ANTHONY LOCASIO et al., Plaintiffs-Appellants, v. EDWARD J. ROSEWELL, County Treasurer, Defendant-Appellee.
    First District (3rd Division)
    No. 76-121
    Opinion filed June 29, 1977.
    
      John T. McGarry, Ltd., of Chicago, for appellants.
    Bernard Carey, State’s Attorney, of Chicago (Michael F. Baccash, Assistant State’s Attorney, of counsel), for the People.
   Mr. JUSTICE JIGANTI

delivered the opinion of the court:

This action was brought by plaintiffs, Anthony and Kathleen Locasio, Febronia and Julius Conde and Ben Sidote, and Gerald and Marilyn Watson, as a class action, each set of plaintiffs representing a class of persons similarly situated, for payment of interest earned on funds deposited with Cook County Treasurer Edward J. Rosewell, as a result of various condemnation proceedings concerning parcels of land in which plaintiffs had an interest.

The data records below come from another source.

text \<open>Matrices are rendered as nested Cartesian vectors: a k-by-l real matrix is
  real^'l^'k (rows indexed by 'k). Dimensions n, m, p are the finite index types
  'n, 'm, 'p.\<close>

definition pos_def :: "real^'k^'k \<Rightarrow> bool" where
  "pos_def M \<longleftrightarrow> transpose M = M \<and> (\<forall>x. x \<noteq> 0 \<longrightarrow> x \<bullet> (M *v x) > 0)"

definition neg_def :: "real^'k^'k \<Rightarrow> bool" where
  "neg_def M \<longleftrightarrow> transpose M = M \<and> (\<forall>x. x \<noteq> 0 \<longrightarrow> x \<bullet> (M *v x) < 0)"

definition neg_semidef :: "real^'k^'k \<Rightarrow> bool" where
  "neg_semidef M \<longleftrightarrow> transpose M = M \<and> (\<forall>x. x \<bullet> (M *v x) \<le> 0)"

definition AK :: "real^'n^'n \<Rightarrow> real^'m^'n \<Rightarrow> real^'n^'m \<Rightarrow> real^'n^'n" where
  "AK A Bu K = A - Bu ** K"

definition MK :: "real^'n^'n \<Rightarrow> real^'m^'n \<Rightarrow> real^'p^'n \<Rightarrow> real^'n^'p \<Rightarrow> real^'p^'p
    \<Rightarrow> real^'n^'m \<Rightarrow> real^'n^'n \<Rightarrow> real^('n + 'p)^('n + 'p)" where
  "MK A Bu Bd C D K P = (\<chi> i j.
     (case i of
        Inl a \<Rightarrow> (case j of
                    Inl b \<Rightarrow> (transpose (AK A Bu K) ** P + P ** AK A Bu K) $ a $ b
                  | Inr b \<Rightarrow> (P ** Bd - transpose C) $ a $ b)
      | Inr a \<Rightarrow> (case j of
                    Inl b \<Rightarrow> (transpose Bd ** P - C) $ a $ b
                  | Inr b \<Rightarrow> (- D - transpose D) $ a $ b)))"

definition L_s where
  "L_s A Bu Bd C D K P \<longleftrightarrow>
     (if D = 0 then neg_def (transpose (AK A Bu K) ** P + P ** AK A Bu K) \<and> transpose Bd ** P = C
      else neg_def (MK A Bu Bd C D K P))"

definition L_ns where
  "L_ns A Bu Bd C D K P \<longleftrightarrow>
     (if D = 0 then neg_semidef (transpose (AK A Bu K) ** P + P ** AK A Bu K) \<and> transpose Bd ** P = C
      else neg_semidef (MK A Bu Bd C D K P))"

definition passivity_region ::
  "real^'n^'n \<Rightarrow> real^'m^'n \<Rightarrow> real^'p^'n \<Rightarrow> real^'n^'p \<Rightarrow> real^'p^'p \<Rightarrow> (real^'n^'m) set" where
  "passivity_region A Bu Bd C D = {K. \<exists>P. pos_def P \<and> L_ns A Bu Bd C D K P}"

definition strict_passivity_region ::
  "real^'n^'n \<Rightarrow> real^'m^'n \<Rightarrow> real^'p^'n \<Rightarrow> real^'n^'p \<Rightarrow> real^'p^'p \<Rightarrow> (real^'n^'m) set" where
  "strict_passivity_region A Bu Bd C D = {K. \<exists>P. pos_def P \<and> L_s A Bu Bd C D K P}"

end

(* The substitution Q = P^-1, L = K Q (a congruence by diag(P^-1, I)) turns the passivity
   inequalities, bilinear in (P, K), into conditions jointly affine in (Q, L).  The feasible pairs
   (Q, L) with Q positive definite therefore form a convex set, and the (strict) passivity region
   is its image under the map (Q, L) |-> L Q^-1, which is continuous since matrix inversion is. *)

theory Submission
  imports Defs
begin

lemma matrix_inv_inverse:
  fixes A :: "'a::semiring_1^'n^'m"
  assumes "invertible A"
  shows "A ** matrix_inv A = mat 1" and "matrix_inv A ** A = mat 1"
  using someI_ex[OF assms[unfolded invertible_def]] unfolding matrix_inv_def by auto

lemma matrix_inv_unique:
  fixes A :: "'a::semiring_1^'n^'m"
  assumes "A ** B = mat 1" and "B ** A = mat 1"
  shows "matrix_inv A = B"
proof -
  have "invertible A" using assms unfolding invertible_def by blast
  have "matrix_inv A = matrix_inv A ** (A ** B)"
    by (simp add: assms(1))
  also have "\<dots> = (matrix_inv A ** A) ** B"
    by (simp add: matrix_mul_assoc)
  also have "\<dots> = B"
    by (simp add: matrix_inv_inverse(2) \<open>invertible A\<close>)
  finally show ?thesis .
qed

lemma matrix_inv_matrix_inv:
  fixes A :: "'a::semiring_1^'n^'m"
  assumes "invertible A"
  shows "matrix_inv (matrix_inv A) = A"
  by (rule matrix_inv_unique) (simp_all add: matrix_inv_inverse assms)

lemma matrix_inv_component:
  fixes Q :: "real^'n::finite^'n"
  assumes "invertible Q"
  shows "matrix_inv Q $ k $ j = det (\<chi> a b. if b = k then axis j 1 $ a else Q $ a $ b) / det Q"
proof -
  have "Q *v (matrix_inv Q *v axis j 1) = axis j 1"
    by (simp add: matrix_vector_mul_assoc matrix_inv_inverse assms)
  then have "matrix_inv Q *v axis j 1 = (\<chi> k. det (\<chi> a b. if b = k then axis j 1 $ a else Q $ a $ b) / det Q)"
    using cramer assms invertible_det_nz by blast
  moreover have "(matrix_inv Q *v axis j 1) $ k = matrix_inv Q $ k $ j"
    by (simp add: matrix_vector_mult_def axis_def if_distrib cong: if_cong)
  ultimately show ?thesis by simp
qed

lemma continuous_on_det [continuous_intros]:
  fixes f :: "'a::topological_space \<Rightarrow> real^'n::finite^'n"
  shows "continuous_on S f \<Longrightarrow> continuous_on S (\<lambda>x. det (f x))"
  unfolding det_def by (intro continuous_intros)

lemma continuous_on_matrix_mult [continuous_intros]:
  fixes f :: "'a::topological_space \<Rightarrow> real^'n::finite^'m::finite"
    and g :: "'a \<Rightarrow> real^'k::finite^'n"
  shows "continuous_on S f \<Longrightarrow> continuous_on S g \<Longrightarrow> continuous_on S (\<lambda>x. f x ** g x)"
  unfolding matrix_matrix_mult_def by (intro continuous_intros)

lemma continuous_on_matrix_inv [continuous_intros]:
  fixes f :: "'a::topological_space \<Rightarrow> real^'n::finite^'n"
  assumes f: "continuous_on S f" and inv: "\<And>x. x \<in> S \<Longrightarrow> invertible (f x)"
  shows "continuous_on S (\<lambda>x. matrix_inv (f x))"
proof -
  have dets: "continuous_on S (\<lambda>x. det (\<chi> a b. if b = k then axis j 1 $ a else f x $ a $ b))" for j k
  proof (intro continuous_on_det continuous_on_vec_lambda)
    fix a b show "continuous_on S (\<lambda>x. if b = k then axis j 1 $ a else f x $ a $ b)"
      by (cases "b = k") (simp_all add: continuous_intros f)
  qed
  have "continuous_on S (\<lambda>x. \<chi> k j.
      det (\<chi> a b. if b = k then axis j 1 $ a else f x $ a $ b) / det (f x))"
    using inv invertible_det_nz
    by (intro continuous_on_vec_lambda continuous_on_divide dets continuous_on_det f) auto
  then show ?thesis
    by (rule continuous_on_cong[THEN iffD1, rotated 2])
      (simp_all add: vec_eq_iff matrix_inv_component inv)
qed

lemma transpose_add: "transpose (A + B) = transpose A + transpose (B :: 'a::ab_semigroup_add^'n^'m)"
  by (simp add: transpose_def vec_eq_iff)

lemma transpose_uminus: "transpose (- A) = - transpose (A :: 'a::group_add^'n^'m)"
  by (simp add: transpose_def vec_eq_iff)

lemma matrix_vector_mult_uminus: "(- A) *v x = - (A *v (x :: 'a::ring_1^'n))"
  by (simp add: matrix_vector_mult_def vec_eq_iff sum_negf)

lemma quadratic_form_scaleR_add:
  fixes M1 M2 :: "real^'k::finite^'k"
  shows "w \<bullet> ((u *\<^sub>R M1 + v *\<^sub>R M2) *v w) = u * (w \<bullet> (M1 *v w)) + v * (w \<bullet> (M2 *v w))"
  by (simp add: matrix_vector_mult_add_rdistrib scaleR_matrix_vector_assoc[symmetric] inner_add_right)

lemma quadratic_form_add_transpose:
  fixes N :: "real^'k::finite^'k"
  shows "x \<bullet> ((N + transpose N) *v x) = 2 * (x \<bullet> (N *v x))"
  by (simp add: matrix_vector_mult_add_rdistrib inner_add_right inner_commute[of x]
      dot_lmul_matrix[symmetric])

lemma pos_def_invertible:
  fixes P :: "real^'n::finite^'n"
  assumes "pos_def P"
  shows "invertible P"
proof -
  have "\<forall>x. P *v x = 0 \<longrightarrow> x = 0"
    using assms unfolding pos_def_def by (metis inner_zero_right less_irrefl)
  then show ?thesis
    by (simp add: invertible_left_inverse matrix_left_invertible_ker)
qed

lemma pos_def_matrix_inv:
  fixes P :: "real^'n::finite^'n"
  assumes P: "pos_def P"
  shows "pos_def (matrix_inv P)"
proof -
  let ?Q = "matrix_inv P"
  have PQ: "P ** ?Q = mat 1" and QP: "?Q ** P = mat 1"
    using matrix_inv_inverse pos_def_invertible[OF P] by blast+
  have sym_P: "transpose P = P" using P unfolding pos_def_def by blast
  have "transpose ?Q = ?Q"
    using matrix_inv_unique[of P "transpose ?Q"] PQ QP sym_P
    by (metis matrix_transpose_mul transpose_mat)
  moreover have "w \<bullet> (?Q *v w) > 0" if "w \<noteq> 0" for w
  proof -
    have w: "w = P *v (?Q *v w)" by (simp add: matrix_vector_mul_assoc PQ)
    then have "?Q *v w \<noteq> 0" using that by auto
    then have "(?Q *v w) \<bullet> (P *v (?Q *v w)) > 0" using P unfolding pos_def_def by blast
    then show ?thesis by (subst (asm) w[symmetric]) (simp add: inner_commute)
  qed
  ultimately show ?thesis unfolding pos_def_def by blast
qed

lemma convex_pos_def: "convex {P :: real^'n::finite^'n. pos_def P}"
proof (rule convexI, clarsimp)
  fix P1 P2 :: "real^'n^'n" and u v :: real
  assume P1: "pos_def P1" and P2: "pos_def P2" and uv: "0 \<le> u" "0 \<le> v" "u + v = 1"
  have "x \<bullet> ((u *\<^sub>R P1 + v *\<^sub>R P2) *v x) > 0" if "x \<noteq> 0" for x
  proof -
    have "x \<bullet> (P1 *v x) > 0" "x \<bullet> (P2 *v x) > 0"
      using P1 P2 that unfolding pos_def_def by blast+
    then have "u * (x \<bullet> (P1 *v x)) + v * (x \<bullet> (P2 *v x)) > 0"
      using uv by (smt (verit) mult_nonneg_nonneg mult_pos_pos)
    then show ?thesis
      by (simp only: quadratic_form_scaleR_add)
  qed
  then show "pos_def (u *\<^sub>R P1 + v *\<^sub>R P2)"
    using P1 P2 unfolding pos_def_def by (simp add: transpose_scalar transpose_add)
qed

text \<open>The flag \<open>strict\<close> selects between the conditions of \<open>L_s\<close> and \<open>L_ns\<close>, so that both
  regions are handled by one argument.\<close>

definition negative :: "bool \<Rightarrow> real \<Rightarrow> bool" where
  "negative strict r \<longleftrightarrow> (if strict then r < 0 else r \<le> 0)"

lemma negative_mult_pos_iff: "c > 0 \<Longrightarrow> negative strict (c * r) \<longleftrightarrow> negative strict r"
  by (simp add: negative_def mult_less_0_iff mult_le_0_iff)

lemma convex_negative: "convex (Collect (negative strict))"
proof -
  have "Collect (negative strict) = (if strict then {..<0} else {..0})"
    by (auto simp: negative_def)
  then show ?thesis by simp
qed

lemma negative_convex_comb:
  assumes "negative strict a" "negative strict b" "0 \<le> u" "0 \<le> v" "u + v = 1"
  shows "negative strict (u * a + v * b)"
  using convexD[OF convex_negative, of a strict b u v] assms by simp

definition neg_form :: "bool \<Rightarrow> real^'k^'k \<Rightarrow> bool" where
  "neg_form strict M \<longleftrightarrow> transpose M = M \<and> (\<forall>x. x \<noteq> 0 \<longrightarrow> negative strict (x \<bullet> (M *v x)))"

lemma neg_def_iff_neg_form: "neg_def M \<longleftrightarrow> neg_form True M"
  by (simp add: neg_def_def neg_form_def negative_def)

lemma neg_semidef_iff_neg_form: "neg_semidef M \<longleftrightarrow> neg_form False M"
  unfolding neg_semidef_def neg_form_def negative_def by (metis inner_zero_left order_refl)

Plaintiffs requested an accounting and an injunction requiring the defendant to pay the interest accrued to the appropriate parties. The case was dismissed with prejudice upon defendant’s motion. Plaintiffs now appeal from that dismissal.

Plaintiffs alleged in their amended complaint that they had an interest in various parcels of land located in Cook County, each of which parcels had been the subject of judicial condemnation proceedings pursuant to the Eminent Domain Act (Ill. Rev. Stat. 1973, ch. 47, par. 1 et seq.). These proceedings resulted in funds being deposited by the condemning authorities with the county treasurer for disposition pursuant to court order and in accordance with the Act. Plaintiffs alleged that while the county treasurer had these funds, he invested them in interest-bearing bank accounts, and the interest earned was deposited in the general county corporate fund. Plaintiffs contend that this interest should be allocated and distributed in the same manner that the principal is ultimately distributed — to those parties who were the defendants in the condemnation proceedings, in this case, to the plaintiffs.

Plaintiffs Anthony and Kathleen Locasio were parties to an eminent domain proceeding, as a result of which an award which was determined to be just compensation for the taking of their property was deposited with the county treasurer and available for withdrawal on the date of deposit. (Ill. Rev. Stat. 1973, ch. 47, par. 2.4.) At that time, the condemning body was vested with fee simple title to that property.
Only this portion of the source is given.